To underscore the problem, many organizations do not have a standardized accommodation process or centralized budget for it; They often wait to process access until an employee submits an application, said Shelby Sayre, the company’s founder all typesa consulting firm that evaluates companies for accessibility.

“We often find that people come to us reactive rather than proactively, striving to accommodate or identify their legal obligations, or to adapt quickly to an employee or group of employees who have identified access needs,” said Ms. Sierre, 31, who has dyskinesia, It is a defect in the autonomic nervous system.

There may be more disabled workers than employers realize. An average rate of 4.6 percent of employees in the United States would like to specify they have disabilities to their employers, according to the latest Equality index report for people with disabilities By Disability: IN, a nonprofit advocating for disability inclusion in businesses. But this almost certainly represents a significant reduction in the total number: In a global survey Of the nearly 28,000 workers published by the Boston Consulting Group in May, about 25 percent of employees reported having a disability or health condition, either visible or invisible. People with conditions that are not immediately obvious, such as chronic migraines or dyslexia, may find it especially difficult to ask for accommodations for fear of not being believed.

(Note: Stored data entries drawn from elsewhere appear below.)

(* Let $\theta>0$ and $\beta\in(0,1]$, let $\mathfrak{g}(x)=x^\beta$ and $\mathfrak{h}(x)=\frac{1}{\log^{\theta}(1/x)}$ (for small $x>0$, with $\mathfrak h(0)=0$). If $E\subseteq\mathbb{R}^2$ is an $F_{\mathfrak{h}\mathfrak{g}}$-set, then $\dim(E)\ge\frac{\beta}{2}$.
   Context: $\dim$ denotes Hausdorff dimension. For a non-decreasing $h$ with $h(0)=0$, $F\subseteq\mathbb{R}^n$, $\delta>0$: $\mathcal{H}^h_\delta(F)=\inf\{\sum_i h(\mathrm{diam}(F_i)): F\subseteq\bigcup_i F_i,\ \mathrm{diam}(F_i)<\delta\}$ and $\mathcal{H}^h(F)=\sup_{\delta>0}\mathcal{H}^h_\delta(F)$. $\mathbb{S}$ is the unit circle. A set $E\subseteq\mathbb{R}^2$ is an $F_{\mathfrak{h}\mathfrak{g}}$-set if there is $L\subseteq\mathbb{S}$ with $\mathcal{H}^{\mathfrak{g}}(L)>0$ and a number $\delta_E>0$ such that for each $e\in L$ there is a line segment $\ell_e$ in direction $e$ with $\mathcal{H}^{\mathfrak{h}}_\delta(\ell_e\cap E)>1$ for all $0<\delta<\delta_E$. *)

theory Defs
  imports "HOL-Analysis.Analysis"
begin

text \<open>Hausdorff delta-content with gauge h: infimum over countable covers by sets of
  diameter less than delta (bounded sets, so that diameter is the true diameter;
  finite covers are included by padding with empty sets).\<close>
definition hausdorff_content :: "(real \<Rightarrow> real) \<Rightarrow> real \<Rightarrow> 'a::metric_space set \<Rightarrow> ennreal" where
  "hausdorff_content h \<delta> F =
     (INF C \<in> {C :: nat \<Rightarrow> 'a set. F \<subseteq> (\<Union>i. C i) \<and> (\<forall>i. bounded (C i) \<and> diameter (C i) < \<delta>)}.
        (\<Sum>i. ennreal (h (diameter (C i)))))"

definition hausdorff_measure :: "(real \<Rightarrow> real) \<Rightarrow> 'a::metric_space set \<Rightarrow> ennreal" where
  "hausdorff_measure h F = (SUP \<delta> \<in> {0<..}. hausdorff_content h \<delta> F)"

definition hausdorff_dim :: "'a::metric_space set \<Rightarrow> real" where
  "hausdorff_dim F = Inf {s::real. 0 < s \<and> hausdorff_measure (\<lambda>x. x powr s) F = 0}"

definition F_hg_set :: "(real \<Rightarrow> real) \<Rightarrow> (real \<Rightarrow> real) \<Rightarrow> (real^2) set \<Rightarrow> bool" where
  "F_hg_set h g E \<longleftrightarrow>
     (\<exists>L. L \<subseteq> sphere 0 1 \<and> hausdorff_measure g L > 0 \<and>
        (\<exists>\<delta>E > 0. \<forall>e \<in> L. \<exists>a t. t > 0 \<and>
           (\<forall>\<delta>. 0 < \<delta> \<and> \<delta> < \<delta>E \<longrightarrow>
              hausdorff_content h \<delta> (closed_segment a (a + t *\<^sub>R e) \<inter> E) > 1)))"
(* Let $H$ be a Hamiltonian cycle of the complete graph $K_n$ on $V=\{1,\dots,n\}$ and let $\delta\in(0,1]$. Then, with probability $1-e^{-\omega(n^{\min\{\delta,1/4\}/2})}$ (as $n\to\infty$), the output of one application of the edge-based random solution generation with the matrix $\Pi^H$ is a $k$-exchange of $H$ for some $k<n^{\delta}$.
   Context: For a Hamiltonian cycle $H$, $\Pi^H=(\pi_{i,j})$ is the symmetric $n\times n$ matrix with $\pi_{i,i}=0$, $\pi_{i,j}=1-\frac1n$ if $\{i,j\}\in H$ and $\pi_{i,j}=\frac{1}{n(n-2)}$ otherwise. Edge-based generation from $\Pi$: start with $B=\emptyset$ and repeatedly add to $B$ an edge $\{i,j\}\notin B$ chosen among the admissible edges with probability proportional to $\pi_{i,j}+\pi_{j,i}$, until $B$ is a Hamiltonian cycle; an edge is admissible if adding it to $B$ creates no vertex of degree $\ge3$ and no cycle with fewer than $n$ edges. A $k$-exchange of $H$ is a Hamiltonian cycle obtained from $H$ by removing $k$ of its edges and adding $k$ edges not in $H$ (for $k=0$ this is $H$ itself). *)

theory Defs
  imports "HOL-Probability.Probability"
begin

definition Kn_edges :: "nat \<Rightarrow> nat set set" where
  "Kn_edges n = {{i, j} | i j. i \<in> {1..n} \<and> j \<in> {1..n} \<and> i \<noteq> j}"

definition cycle_edges :: "nat list \<Rightarrow> nat set set" where
  "cycle_edges vs = {{vs ! i, vs ! ((i + 1) mod length vs)} | i. i < length vs}"
lemma borel_measurable_leverage:
  "sets Px = sets borel \<Longrightarrow> leverage i \<in> borel_measurable (sampleM Px :: ('n::finite \<Rightarrow> real^'p) measure)"
  unfolding leverage_def[abs_def] using borel_measurable_XtX by measurable

lemma transpose_integral_weighted_gram:
  "integrable M (weighted_gram d) \<Longrightarrow>
    transpose (\<integral> w. weighted_gram d w \<partial>M) = (\<integral> w. weighted_gram d w \<partial>M)"
  by (simp add: integral_bounded_linear[OF bounded_linear_transpose, symmetric] transpose_weighted_gram)

lemma integral_XtX_pos_def:
  assumes "prob_space M" "integrable M XtX" "AE w in M. invertible (XtX w)" "v \<noteq> 0"
  shows "0 < v \<bullet> ((\<integral> w. XtX w \<partial>M) *v v)"
proof -
  interpret prob_space M by (fact assms(1))
  have "(\<integral> w. 0 \<partial>M) < (\<integral> w. v \<bullet> (XtX w *v v) \<partial>M)"
  proof (rule integral_less_AE_space)
    show "integrable M (\<lambda>w. v \<bullet> (XtX w *v v))"
      using integrable_bounded_linear[OF bounded_linear_quadratic_form assms(2)] .
    show "AE w in M. 0 < v \<bullet> (XtX w *v v)"
      using assms(3) by eventually_elim (use XtX_pos_def assms(4) in blast)
  qed (simp_all add: emeasure_space_1)
  then show ?thesis
    by (simp add: integral_bounded_linear[OF bounded_linear_quadratic_form assms(2)])
qed

locale outer_cond_exp_const =
  fixes Px :: "(real^'p) measure" and d :: "real^'p \<Rightarrow> real" and \<delta> :: real
  assumes prob_space_Px: "prob_space Px" and sets_Px: "sets Px = sets borel"
    and d_measurable: "d \<in> borel_measurable borel" and d_nonneg: "\<And>x. 0 \<le> d x"
    and delta_pos: "0 < \<delta>"
    and cond_exp_d: "AE x in Px.
      real_cond_exp Px (vimage_algebra (space Px) (\<lambda>x. outerp x x) borel) d x = \<delta>"
begin

lemmas [measurable] = d_measurable
lemma Delta0_id_rho_gen:
  assumes "NC P"
  shows "Delta0_id (rho_gen P) = (rho_rho_merge (Delta0_gen P) :: _ \<Rightarrow>\<^sub>0 'k::comm_ring_1)"
proof -
  obtain n where P: "is_partition n P" using assms by (auto simp: NC_def)
  have unit: "gg_times b ([], []) = b" for b by (cases b) simp
  have "Delta0_id (rho_gen P) = (\<Sum>Q\<in>coarser_NC P. \<Sum>L\<in>{L. lowerset Q L}.
      pm_basis (([restr Q (\<Union>L)], map (\<lambda>i. restr Q (gap Q (\<Union>L) i)) [0..<card (\<Union>L) + 1]), quot P Q)
      :: _ \<Rightarrow>\<^sub>0 'k)"
    unfolding rho_gen_NC[OF assms] pm_linear_sum[OF pm_linear_Delta0_id]
    by (simp add: Delta0_word_Cons gg_mult_eq_bilin pm_bilin_unit_right[of gg_times, OF unit]
        Delta0_gen_def pm_tprod_eq_bilin pm_bilin_sum_left)
  also have "\<dots> = (\<Sum>L\<in>{L. lowerset P L}. \<Sum>qs1\<in>listset [coarser_NC (restr P (\<Union>L))].
      \<Sum>qs2\<in>listset (map (\<lambda>i. coarser_NC (restr P (gap P (\<Union>L) i))) [0..<card (\<Union>L) + 1]).
      pm_basis ((qs1, qs2), sum_list (map2 quot [restr P (\<Union>L)] qs1)
        + sum_list (map2 quot (map (\<lambda>i. restr P (gap P (\<Union>L) i)) [0..<card (\<Union>L) + 1]) qs2)))"
    by (rule sum_coarsening_cuts_eq[OF P])
  also have "\<dots> = rho_rho_merge (Delta0_gen P)"
    unfolding Delta0_gen_def pm_linear_sum[OF pm_linear_rho_rho_merge]
    by (rule sum.cong[OF refl], rule rho_rho_merge_cut[OF assms, symmetric]) simp
  finally show ?thesis .
qed

lemma rho_Delta0_compat:
  fixes P :: "word \<Rightarrow>\<^sub>0 'k::comm_ring_1"
  assumes "in_Bgap P"
  shows "Delta0_id (rho P) = rho_rho_merge (Delta0 P)"
proof -
  have "Delta0_id (rho P) = pm_ext (\<lambda>w. Delta0_id (rho_word w)) P"
    by (simp add: rho_def pm_ext_compose pm_linearD[OF pm_linear_Delta0_id, of "pm_ext rho_word P"])
      (simp add: pm_linearD[OF pm_linear_Delta0_id, symmetric])
  also have "\<dots> = pm_ext (\<lambda>w. rho_rho_merge (Delta0_word w)) P"
    using assms by (intro pm_ext_cong Delta0_id_rho_word Delta0_id_rho_gen) (auto simp: in_Bgap_def)
  also have "\<dots> = rho_rho_merge (Delta0 P)"
    by (simp add: Delta0_def pm_ext_compose
        pm_linearD[OF pm_linear_rho_rho_merge, of "pm_ext Delta0_word P"])
      (simp add: pm_linearD[OF pm_linear_rho_rho_merge, symmetric])
  finally show ?thesis .
qed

Another reason for the gap is the reluctance to share personal medical information with managers. Some employees who may need accommodations decide to avoid the formal process altogether.

“It’s just a matter of whether or not they feel safe or not safe to reveal to you,” Ms Wiesendanger said.

She noted that companies tend to focus on compliance and risk mitigation, rather than a “more human-centered approach to accessibility.” To foster a workplace culture that values ​​workers with disabilities, employers can adopt practices such as hosting regular training sessions on implicit bias, conducting a self-identification process without invasive questions and starting disabled employee resource groups.

said Yvette Pegges, 45, chief diversity officer at Your Invisible Disability Kit and a board member for Arc, a disability advocacy organization.

Other positive practices include encouraging workers to ask what they need, providing easy-to-follow guides on how to request amenities and constantly re-evaluating policies.

“Accessibility is a practice, not a destination,” said Ms. Sayer.